Commercial viability means that the Oil quality and quantity in a well can be sold at market rates plus there are enough stocks to run for a few years. The increasing numbers of quantity estimates are looking a like a game changer for Kenya.

According official sources, in the year to November 2012, Kenya spend a staggering US$2.105 billion importing 21.7 million barrels of crude oil. Although the commercially viable output is still a drop in the ocean, the prospect of cutting this this bill significantly is exciting to Kenyans.

A local business publication reported last November that oil and Gas exploration brought in US$1.2 billion in FDI. This figure is expected to rise as more players are expected to bid for a piece of the action. 19 exploration blocks are said on the table for auctioning this year.
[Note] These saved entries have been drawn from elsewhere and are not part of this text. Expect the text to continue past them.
(* Let $R$ be a commutative $\mathbb{Q}$-algebra and let $\varphi\colon \varOmega^U_*\to R$ be a complex genus with exponent $f(x)=x+\ldots\in R[[x]]$. Suppose that (i) $\varphi$ is $T^2$-rigid on the sphere $S^6=G_2/SU(3)$ equipped with its $T^2$-invariant almost complex structure (where $T^2\subset G_2$ is the maximal torus), (ii) $\varphi([S^6])=0$, and (iii) $\varphi$ is $T^5$-rigid on the $10$-dimensional omnioriented quasitoric manifold $\widetilde L(2,3)$ described in the context. Then there exist $\alpha,\delta,\varepsilon\in R$ such that $f(x)=e^{\alpha x}\,\mathrm{sn}(x)$, where $\mathrm{sn}(x)=x+\ldots\in R[[x]]$ is the unique power series satisfying $(\mathrm{sn}'(x))^2=1-2\delta\,\mathrm{sn}^2(x)+\varepsilon\,\mathrm{sn}^4(x)$; that is, $\varphi$ is the Krichever genus with parameter $b_2=0$.
   Context: A complex genus is a ring homomorphism $\varphi\colon\varOmega^U_*\to R$ from the complex bordism ring. For $R$ a $\mathbb{Q}$-algebra, complex genera correspond bijectively to power series $f(x)=x+\ldots\in R[[x]]$ (the exponent): $\varphi([M])=\langle P_f(TM),[M]\rangle$ where $P_f$ is the multiplicative characteristic class obtained from $\prod_i x_i/f(x_i)$ in terms of Chern roots. Every genus has a universal $T^k$-equivariant extension $\varphi^T\colon\varOmega^{U:T^k}_*\to R[[x_1,\dots,x_k]]$ on bordism of stably complex manifolds with $T^k$-action and invariant stably complex structure, whose constant term is $\varphi([M])$; $\varphi$ is $T^k$-rigid on $M$ if $\varphi^T([M])$ equals its constant term $\varphi([M])$. When the fixed points of $M^{2n}$ are isolated, $\varphi^T([M])=\sum_{p\in M^T}\sigma(p)\prod_{i=1}^n 1/f(\langle w_i(p),x\rangle)$, where $w_1(p),\dots,w_n(p)\in\mathbb{Z}^k$ are the weights of the tangent representation at $p$, $\sigma(p)=\pm1$ is the sign comparing the orientation of $T_pM$ induced by the stably complex structure with that from the complex representation, and $\langle w,x\rangle=\sum_j w_jx_j$. Quasitoric manifold: given a simple $n$-polytope $P\subset\mathbb{R}^n$ with facets $F_1,\dots,F_m$ (inward normals $a_j$) and an integer $n\times m$ matrix $\Lambda$ such that for every vertex $v=F_{j_1}\cap\dots\cap F_{j_n}$ the submatrix $\Lambda_v$ of columns $j_1,\dots,j_n$ has determinant $\pm1$, there is an omnioriented quasitoric $2n$-manifold $M(P,\Lambda)$ with a $T^n$-action and invariant stably complex structure; its fixed points correspond to vertices $v$, with weights the rows of $\Lambda_v^{-1}$ and sign $\mathrm{sign}(\det\Lambda_v\cdot\det(a_{j_1},\dots,a_{j_n}))$. $\widetilde L(2,3)=M(P,\Lambda)$ where $P=\Delta^2\times\Delta^3\subset\mathbb{R}^5$ is given by $x_1\ge0,x_2\ge0,x_1+x_2\le1,x_3\ge0,x_4\ge0,x_5\ge0,x_3+x_4+x_5\le1$, with facets ordered so that the inward normals are $a_1=e_1,a_2=e_2,a_3=-e_1-e_2,a_4=e_3,a_5=e_4,a_6=e_5,a_7=-e_3-e_4-e_5$, and $\Lambda=\begin{pmatrix}1&0&1&0&0&0&0\\0&1&-1&0&0&0&0\\0&0&1&1&0&0&1\\0&0&0&0&1&0&-1\\0&0&0&0&0&1&1\end{pmatrix}$. It is an $SU$-manifold (first Chern class zero). *)

theory Defs
  imports "HOL-Computational_Algebra.Formal_Power_Series"
begin

text \<open>A commutative ring is a Q-algebra (necessarily in a unique way) iff every
  positive integer is invertible in it.\<close>
definition Q_algebra :: "'a::comm_ring_1 itself \<Rightarrow> bool" where
  "Q_algebra _ \<longleftrightarrow> (\<forall>n::nat. n > 0 \<longrightarrow> (\<exists>y::'a. of_nat n * y = 1))"

definition nat_inv :: "nat \<Rightarrow> 'a::comm_ring_1" where
  "nat_inv n = (THE y. of_nat n * y = 1)"

definition rexp :: "'a::comm_ring_1 \<Rightarrow> 'a fps" where
  "rexp \<alpha> = Abs_fps (\<lambda>n. \<alpha> ^ n * nat_inv (fact n))"

text \<open>A k-variate series is a function on exponent vectors m :: nat \<Rightarrow> nat; only
  exponent vectors supported in {..<k} are meaningful.\<close>
type_synonym 'a mps = "(nat \<Rightarrow> nat) \<Rightarrow> 'a"

definition supp_in :: "nat \<Rightarrow> (nat \<Rightarrow> nat) \<Rightarrow> bool" where
  "supp_in k m \<longleftrightarrow> (\<forall>i\<ge>k. m i = 0)"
The flow tests show that the well can produce up to 5000 barrels per day, way above the 2850 barrels per day initially estimated.

Lamu Port: Gearing to be energy
Port city of  East Africa
Meanwhile Uganda has decided to build an oil pipeline from its wells in Lake Albert in Western Uganda to a Kenya port. D.R. Congo is also said to be considering going east to export their oil through Kenya. This makes the Lapsset Corridor in Kenya, which was a mouth- watering prospect just a few months ago, a staggering one.

Two weeks ago, we reported that south Sudan has awarded the construction of the 200KM long pipeline from Juba to Lamu, to Toyota Tsusho, the investment arm of Toyota Motor Corporation. And last week, Uganda confirmed that it will build a Pipeline from its wells in Lake Albert to Juba then on to Lamu in Kenya. The implementation of Lapsset is now US$3.50 billion down; there is US$19.5

billion to go.

Even then, there is plenty of activity on Kenya’s second transport and economic corridor over the next 20 years or so. Already, the government has set aside some US$500 million for the construction of the first three- berths at the Port of Lamu.


The three are; a general cargo berth, a bulk cargo berth and a container berth. These three will be used to transport material for the development of the corridor.